Она окинула взглядом комнату. Круглый столик перед камином был завален газетами.

— Я уверена, — в отчаянии проговорила Норина, — что вам понравится, как я читаю газеты. Я буду читать сначала только заголовки, и вы сможете выбирать только то, что вас интересует, а потом я буду читать сами статьи.

— Вы уходите от прямого ответа, — сказал маркиз, — но вы уже сумели подогреть мое любопытство. А так как я ничего не вижу, мне ничего другого не остается, как воспользоваться собственной проницательностью, или, если хотите, «шестым чувством».

— Ну что ж, это могло бы стать для вас неплохим развлечением, — сказала Норина, — но, боюсь, вы будете разочарованы, добравшись до истины!

— Не думаю, — ответил маркиз.

Норина тем временем стала разбирать газеты и начала читать маркизу заголовки. Ее сомнения рассеялись — стало очевидно, что маркиз обязательно возьмет ее с собой во Францию.


На следующий день ранним утром маркиз и Норина покинули Лондон. Норина опустила на лицо черную вуаль, опасаясь встретить на вокзале кого-нибудь из знакомых. То же самое она сделала, как только они прибыли в Дувр.

На борт корабля маркиза сопровождал Жан и агент из бюро путешествий. Один вез багаж, другой толкал инвалидное кресло, в котором расположился маркиз, одетый в широкое пальто с поднятым воротником, закрывавшим нижнюю часть лица. Шляпа с широкими опущенными полями скрывала от посторонних глаз черную повязку.

Норина, скромно потупив взор, шла позади этой процессии, пребывая в полной уверенности, что никому нет дела до человека неопределенного возраста в инвалидной коляске. Казалось, все спешили поскорее подняться на борт парохода и занять лучшие места.

Она была приятно удивлена, обнаружив приготовленную специально для нее маленькую каюту. Маркиз расположился по соседству. Всего же на корабле были только три отдельные каюты.

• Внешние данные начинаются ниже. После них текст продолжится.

(* Let $X$ be a Banach space, $(A_n)_{n\in\mathbb{Z}}$ a sequence of invertible bounded linear operators on $X$ with $\sup_n\lVert A_n\rVert<\infty$ admitting an exponential dichotomy, and let $1\le p<\infty$. For each sequence $(y_n)_{n\in\mathbb{Z}}\subset X$ with $\sum_{n\in\mathbb{Z}}\lVert y_{n+1}-A_ny_n\rVert^p<\infty$, there exists a unique sequence $(x_n)_{n\in\mathbb{Z}}\subset X$ with $x_{n+1}=A_nx_n$ for all $n\in\mathbb{Z}$ and $\sum_{n\in\mathbb{Z}}\lVert x_n-y_n\rVert^p<\infty$.
   Context: Exponential dichotomy: with $\mathcal A(m,n)=A_{m-1}\cdots A_n$ ($m>n$), $\mathrm{Id}$ ($m=n$), $A_m^{-1}\cdots A_{n-1}^{-1}$ ($m<n$), there exist projections $P_m$ on $X$ with $P_{m+1}A_m=A_mP_m$ for all $m$ and constants $C,\lambda>0$ with $\lVert\mathcal A(m,n)P_n\rVert\le Ce^{-\lambda(m-n)}$ for $m\ge n$ and $\lVert\mathcal A(m,n)(\mathrm{Id}-P_n)\rVert\le Ce^{-\lambda(n-m)}$ for $m\le n$. *)

theory Defs
  imports "HOL-Analysis.Analysis"
begin

definition invertible_op :: "('a::real_normed_vector \<Rightarrow>\<^sub>L 'a) \<Rightarrow> bool" where
  "invertible_op B \<longleftrightarrow> (\<exists>C. C o\<^sub>L B = id_blinfun \<and> B o\<^sub>L C = id_blinfun)"

definition op_inv :: "('a::real_normed_vector \<Rightarrow>\<^sub>L 'a) \<Rightarrow> ('a \<Rightarrow>\<^sub>L 'a)" where
  "op_inv B = (SOME C. C o\<^sub>L B = id_blinfun \<and> B o\<^sub>L C = id_blinfun)"
(* Let $\gamma > \frac{1 + \sqrt{5}}{2}$ and let $I$ be a $\gamma$-stable instance of the metric Steiner tree problem with optimal Steiner tree $\mathrm{OPT}$. Let $H$ be a subgraph of $\mathrm{OPT}$ and let $ab$ be an edge of $H$. If $c \in V$ is a vertex with $w_{ca} \ge \gamma w_{ab}$, then $ca$ is not an edge of $\mathrm{OPT}$.
   Context: An instance of the metric Steiner tree problem consists of a finite set $V$ of points of a metric space with metric $d$, a set $T \subseteq V$ of terminals, and the complete graph on $V$ with edge weights $w_{uv} = d(u,v)$. Points of $V \setminus T$ are Steiner points. A Steiner tree is a tree in this complete graph whose vertex set contains all of $T$; its weight is the sum of its edge weights. For $\gamma > 1$, the instance is $\gamma$-stable if it has a minimum-weight Steiner tree $\mathrm{OPT}$ such that for every $w' : V \times V \to \mathbb{R}_{\ge 0}$ with $w_{uv} \le w'_{uv} \le \gamma w_{uv}$ for all $u,v$, every minimum-weight Steiner tree with respect to $w'$ equals $\mathrm{OPT}$. *)

theory Defs
  imports Complex_Main
begin

definition metric_on :: "'a set \<Rightarrow> ('a \<Rightarrow> 'a \<Rightarrow> real) \<Rightarrow> bool" where
  "metric_on V d \<longleftrightarrow>
     (\<forall>u\<in>V. \<forall>v\<in>V. d u v \<ge> 0 \<and> (d u v = 0 \<longleftrightarrow> u = v) \<and> d u v = d v u) \<and>
     (\<forall>u\<in>V. \<forall>v\<in>V. \<forall>x\<in>V. d u x \<le> d u v + d v x)"

definition complete_edges :: "'a set \<Rightarrow> 'a set set" where
  "complete_edges W = {{u, v} | u v. u \<in> W \<and> v \<in> W \<and> u \<noteq> v}"

text \<open>Edge weight induced by the metric: w_{uv} = d(u,v).\<close>
definition edge_w :: "('a \<Rightarrow> 'a \<Rightarrow> real) \<Rightarrow> 'a set \<Rightarrow> real" where
  "edge_w d e = (SOME x. \<exists>u v. e = {u, v} \<and> x = d u v)"

definition is_tree :: "'a set \<Rightarrow> 'a set \<Rightarrow> 'a set set \<Rightarrow> bool" where
  "is_tree V W E \<longleftrightarrow> W \<subseteq> V \<and> W \<noteq> {} \<and> finite W \<and> E \<subseteq> complete_edges W \<and>
     (\<forall>x\<in>W. \<forall>y\<in>W. (\<lambda>p q. {p, q} \<in> E)\<^sup>*\<^sup>* x y) \<and>
     card E = card W - 1"
(* Let $\Gamma=\{\{(1)\},\{(0)\},\rightarrow,=\}\cup\{\mathrm{OR}^m : m\in\mathbb N, m\ge1\}$. Then every irreducible Boolean relation which is IHSB$+$ is a permutation of an element of $\Gamma$.
   Context: Here $\rightarrow=\{(0,0),(0,1),(1,1)\}$, $==\{(0,0),(1,1)\}$, $\{(1)\},\{(0)\}$ express the literals $x,\overline x$, and $\mathrm{OR}^m=\{0,1\}^m\setminus\{(0,\dots,0)\}$. A Boolean relation is IHSB$+$ if it is the solution set of a conjunction of clauses of the forms $x$, $\overline x$, $x\rightarrow y$, $(x_1\vee\dots\vee x_n)$. An $n$-ary relation $R$ is irreducible if for every formula $R_1(x^1_1,\dots,x^1_{k_1})\wedge\dots\wedge R_m(x^m_1,\dots,x^m_{k_m})$ (each $R_i$ an arbitrary $k_i$-ary Boolean relation, variables among $x_1,\dots,x_n$) equivalent to $R(x_1,\dots,x_n)$, some $R_i$ has arity at least $n$. A relation $R$ is a permutation of $S$ if $R(x_1,\dots,x_n)$ is equivalent to $S(x_{\Pi(1)},\dots,x_{\Pi(n)})$ for some permutation $\Pi$ of $\{1,\dots,n\}$. *)

theory Defs
  imports Main
begin

text \<open>An n-ary Boolean relation is a set of bool lists of length n;
 position i of a tuple is the value of variable x_(i+1).\<close>

definition is_rel :: "nat \<Rightarrow> bool list set \<Rightarrow> bool" where
  "is_rel n R \<longleftrightarrow> (\<forall>t\<in>R. length t = n)"

datatype clause = CPos nat | CNeg nat | CImp nat nat | COr "nat list"

fun clause_vars :: "clause \<Rightarrow> nat set" where
  "clause_vars (CPos i) = {i}"
| "clause_vars (CNeg i) = {i}"
| "clause_vars (CImp i j) = {i, j}"
| "clause_vars (COr is) = set is"

fun clause_wf :: "clause \<Rightarrow> bool" where
  "clause_wf (COr is) = (is \<noteq> [])"
| "clause_wf _ = True"

fun clause_sat :: "bool list \<Rightarrow> clause \<Rightarrow> bool" where
  "clause_sat a (CPos i) = (a ! i)"
| "clause_sat a (CNeg i) = (\<not> a ! i)"
| "clause_sat a (CImp i j) = (a ! i \<longrightarrow> a ! j)"
| "clause_sat a (COr is) = (\<exists>i\<in>set is. a ! i)"

definition IHSB_plus :: "nat \<Rightarrow> bool list set \<Rightarrow> bool" where
  "IHSB_plus n R \<longleftrightarrow> (\<exists>cs :: clause list.
     (\<forall>c\<in>set cs. clause_wf c \<and> clause_vars c \<subseteq> {..<n}) \<and>
     R = {a. length a = n \<and> (\<forall>c\<in>set cs. clause_sat a c)})"

text \<open>An atom (k, S, vs) stands for S(x_vs!0, ..., x_vs!(k-1)) with S a k-ary relation.\<close>
definition atom_ok :: "nat \<Rightarrow> nat \<times> bool list set \<times> nat list \<Rightarrow> bool" where
  "atom_ok n at = (case at of (k, S, vs) \<Rightarrow>
     is_rel k S \<and> length vs = k \<and> set vs \<subseteq> {..<n})"

definition atom_sat :: "bool list \<Rightarrow> nat \<times> bool list set \<times> nat list \<Rightarrow> bool" where
  "atom_sat a at = (case at of (k, S, vs) \<Rightarrow> map (\<lambda>j. a ! j) vs \<in> S)"

definition irreducible :: "nat \<Rightarrow> bool list set \<Rightarrow> bool" where
  "irreducible n R \<longleftrightarrow> (\<forall>F :: (nat \<times> bool list set \<times> nat list) list.
     (\<forall>at\<in>set F. atom_ok n at) \<and>
     {a. length a = n \<and> (\<forall>at\<in>set F. atom_sat a at)} = R
     \<longrightarrow> (\<exists>at\<in>set F. fst at \<ge> n))"

definition is_permutation_of :: "nat \<Rightarrow> bool list set \<Rightarrow> bool list set \<Rightarrow> bool" where
  "is_permutation_of n R S \<longleftrightarrow> (\<exists>\<pi>. bij_betw \<pi> {..<n} {..<n} \<and>
     R = {a. length a = n \<and> map (\<lambda>i. a ! \<pi> i) [0..<n] \<in> S})"

definition OR_rel :: "nat \<Rightarrow> bool list set" where
  "OR_rel m = {a. length a = m \<and> True \<in> set a}"

definition Gamma :: "(nat \<times> bool list set) set" where
  "Gamma = {(1, {[True]}), (1, {[False]}),
            (2, {[False, False], [False, True], [True, True]}),
            (2, {[False, False], [True, True]})}
           \<union> {(m, OR_rel m) | m. m \<ge> 1}"

end

theory Submission
  imports Defs
begin

text \<open>A conjunction of constraints each on fewer than n variables is reducible, so the clauses
  defining an irreducible IHSB+ relation include one on all n variables; for \<open>n \<ge> 3\<close> this can
  only be \<open>x\<^sub>1 \<or> \<dots> \<or> x\<^sub>n\<close>. Any further non-tautological clause either implies
  this long clause or, being \<open>\<not> x\<^sub>i\<close> or \<open>x\<^sub>i \<longrightarrow> x\<^sub>j\<close>, lets one drop
  \<open>x\<^sub>i\<close> from it; either way the definition becomes reducible, so the relation is
  \<open>OR\<^sup>n\<close>. No clause has zero variables, which excludes \<open>n = 0\<close>, and arities 1 and 2
  are settled by truth tables, where for \<open>n = 2\<close> closure of IHSB+ relations under
  \<open>(x, y, z) \<mapsto> x \<or> (y \<and> z)\<close> rules out exclusive or and nand.\<close>

lemma not_irreducible_if_narrow_constraints:
  assumes narrow: "\<forall>(vs, P)\<in>set L. set vs \<subseteq> {..<n} \<and> length vs < n"
    and R: "R = {a. length a = n \<and> (\<forall>(vs, P)\<in>set L. P (map (\<lambda>j. a ! j) vs))}"
  shows "\<not> irreducible n R"
proof
  assume "irreducible n R"
  define F where "F = map (\<lambda>(vs, P). (length vs, {t. length t = length vs \<and> P t}, vs)) L"
  have "\<forall>at\<in>set F. atom_ok n at"
    using narrow by (auto simp: F_def atom_ok_def is_rel_def)
  moreover have "{a. length a = n \<and> (\<forall>at\<in>set F. atom_sat a at)} = R"
    unfolding R by (auto simp: F_def atom_sat_def)
  ultimately obtain at where "at \<in> set F" "fst at \<ge> n"
    using \<open>irreducible n R\<close> unfolding irreducible_def by blast
  then show False
    using narrow by (auto simp: F_def)
qed

lemma is_permutation_of_same:
  assumes "is_rel n R" and "\<forall>a. length a = n \<longrightarrow> (a \<in> R \<longleftrightarrow> a \<in> S)"
  shows "is_permutation_of n R S"
  unfolding is_permutation_of_def
proof (intro exI[of _ id] conjI)
  have "a \<in> R \<longleftrightarrow> length a = n \<and> map (\<lambda>i. a ! id i) [0..<n] \<in> S" for a
  proof (cases "length a = n")
    case True
    then have "map (\<lambda>i. a ! id i) [0..<n] = a"
      using map_nth[of a] by simp
    then show ?thesis
      using True assms(2) by simp
  qed (use assms(1) in \<open>auto simp: is_rel_def\<close>)
  then show "R = {a. length a = n \<and> map (\<lambda>i. a ! id i) [0..<n] \<in> S}"
    by blast
qed simp

lemma list_length_1: "length a = 1 \<Longrightarrow> a = [a ! 0]"
  by (cases a) auto

lemma list_length_2: "length a = 2 \<Longrightarrow> a = [a ! 0, a ! 1]"
  by (cases a; cases "tl a"; cases "tl (tl a)") (auto simp: numeral_2_eq_2)

lemma is_permutation_of_swap:
  assumes "is_rel 2 R" and "\<forall>x y. [x, y] \<in> R \<longleftrightarrow> [y, x] \<in> S"
  shows "is_permutation_of 2 R S"
  unfolding is_permutation_of_def
proof (intro exI[of _ "\<lambda>i. 1 - i"] conjI)
  have "{..<2::nat} = {0, 1}" by auto
  then show "bij_betw (\<lambda>i::nat. 1 - i) {..<2} {..<2}"
    by (auto simp: bij_betw_def inj_on_def)
  have swap: "map (\<lambda>i. a ! (1 - i)) [0..<2] = [a ! 1, a ! 0]" for a :: "bool list"
    by (simp add: numeral_2_eq_2)
  have "a \<in> R \<longleftrightarrow> length a = 2 \<and> [a ! 1, a ! 0] \<in> S" for a
  proof (cases "length a = 2")
    case True
    have "a \<in> R \<longleftrightarrow> [a ! 0, a ! 1] \<in> R"
      using arg_cong[OF list_length_2[OF True], of "\<lambda>x. x \<in> R"] .
    then show ?thesis
      using True assms(2) by simp
  qed (use assms(1) in \<open>auto simp: is_rel_def\<close>)
  then show "R = {a. length a = 2 \<and> map (\<lambda>i. a ! (1 - i)) [0..<2] \<in> S}"
    unfolding swap by blast
qed

lemma is_permutation_of_same_2:
  assumes "is_rel 2 R" and "\<forall>x y. [x, y] \<in> R \<longleftrightarrow> [x, y] \<in> S"
  shows "is_permutation_of 2 R S"
proof (rule is_permutation_of_same[OF assms(1)], intro allI impI)
  fix a :: "bool list"
  assume "length a = 2"
  then show "a \<in> R \<longleftrightarrow> a \<in> S"
    using assms(2) list_length_2 by metis
qed

lemma Gamma_members:
  "(1, {[True]}) \<in> Gamma" "(1, {[False]}) \<in> Gamma"
  "(2, {[False, False], [False, True], [True, True]}) \<in> Gamma"
  "(2, {[False, False], [True, True]}) \<in> Gamma"
  "m \<ge> 1 \<Longrightarrow> (m, OR_rel m) \<in> Gamma"
  unfolding Gamma_def by blast+

definition solutions :: "nat \<Rightarrow> clause list \<Rightarrow> bool list set" where
  "solutions n cs = {a. length a = n \<and> (\<forall>c\<in>set cs. clause_sat a c)}"

lemma IHSB_plusE:
  assumes "IHSB_plus n R"
  obtains cs where "\<forall>c\<in>set cs. clause_wf c \<and> clause_vars c \<subseteq> {..<n}" and "R = solutions n cs"
  using assms unfolding IHSB_plus_def solutions_def by blast

lemma clause_vars_nonempty: "clause_wf c \<Longrightarrow> clause_vars c \<noteq> {}"
  by (cases c) auto

lemma IHSB_plus_closed:
  assumes "IHSB_plus n R" "a \<in> R" "b \<in> R" "c \<in> R" "length r = n"
    and r: "\<forall>i<n. r ! i = (a ! i \<or> b ! i \<and> c ! i)"
  shows "r \<in> R"
proof -
  obtain cs where wf: "\<forall>c\<in>set cs. clause_wf c \<and> clause_vars c \<subseteq> {..<n}"
    and R: "R = solutions n cs"
    using assms(1) by (rule IHSB_plusE)
  have "clause_sat r d" if "d \<in> set cs" for d
  proof -
    have "clause_sat a d" "clause_sat b d" "clause_sat c d" "clause_vars d \<subseteq> {..<n}"
      using that assms(2-4) wf by (auto simp: R solutions_def)
    then show ?thesis
      using r by (cases d) auto
  qed
  then show ?thesis
    using assms(5) by (simp add: R solutions_def)
qed

fun clause_constraint :: "clause \<Rightarrow> nat list \<times> (bool list \<Rightarrow> bool)" where
  "clause_constraint (CPos i) = ([i], \<lambda>t. t ! 0)"
| "clause_constraint (CNeg i) = ([i], \<lambda>t. \<not> t ! 0)"
| "clause_constraint (CImp i j) =
     (if i = j then ([i], \<lambda>_. True) else ([i, j], \<lambda>t. t ! 0 \<longrightarrow> t ! 1))"
| "clause_constraint (COr js) = (remdups js, \<lambda>t. True \<in> set t)"

lemma clause_constraint_sat:
  "snd (clause_constraint c) (map (\<lambda>j. a ! j) (fst (clause_constraint c))) = clause_sat a c"
  by (cases c) auto

lemma set_clause_constraint: "set (fst (clause_constraint c)) = clause_vars c"
  by (cases c) auto

lemma length_clause_constraint: "length (fst (clause_constraint c)) = card (clause_vars c)"
proof -
  have "distinct (fst (clause_constraint c))"
    by (cases c) auto
  then show ?thesis
    using set_clause_constraint distinct_card by metis
qed

lemma not_irreducible_if_narrow_clauses:
  assumes narrow: "\<forall>c\<in>set cs. clause_vars c \<subseteq> {..<n} \<and> card (clause_vars c) < n"
  shows "\<not> irreducible n (solutions n cs)"
proof (rule not_irreducible_if_narrow_constraints)
  have "set vs \<subseteq> {..<n} \<and> length vs < n"
    if constraint: "(vs, P) \<in> set (map clause_constraint cs)" for vs P
  proof -
    obtain c where "c \<in> set cs" "clause_constraint c = (vs, P)"
      using constraint by auto
    then show ?thesis
      using narrow set_clause_constraint[of c] length_clause_constraint[of c] by auto
  qed
  then show "\<forall>(vs, P)\<in>set (map clause_constraint cs). set vs \<subseteq> {..<n} \<and> length vs < n"
    by blast
  show "solutions n cs =
      {a. length a = n \<and> (\<forall>(vs, P)\<in>set (map clause_constraint cs). P (map (\<lambda>j. a ! j) vs))}"
    by (simp add: solutions_def case_prod_beta clause_constraint_sat)
qed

Дул сильный ветер, и их корабль еще в порту сильно качало. Норина боялась морской болезни и решила сразу же лечь на диван и не двигаться, тем более что в открытом море волны разыгрались не на шутку.

Она сняла шляпу и, поразмыслив немного, решила снять и парик. Он слишком сильно сдавливал ей голову, и у нее начиналась от этого мигрень. Она лежала, ожидая приступа морской болезни, и неожиданно для себя заснула крепким и спокойным сном.


Ее разбудил голос агента, который громко говорил за дверью:

— Мадам, мы входим в порт, через несколько минут мы выйдем на набережную.

Норина поспешно вскочила. Ей только что снилось, как отец качает ее на качелях, которые он когда-то сам смастерил.

Она едва успела надеть пальто и шляпу, как вошел Жан, чтобы забрать ее багаж.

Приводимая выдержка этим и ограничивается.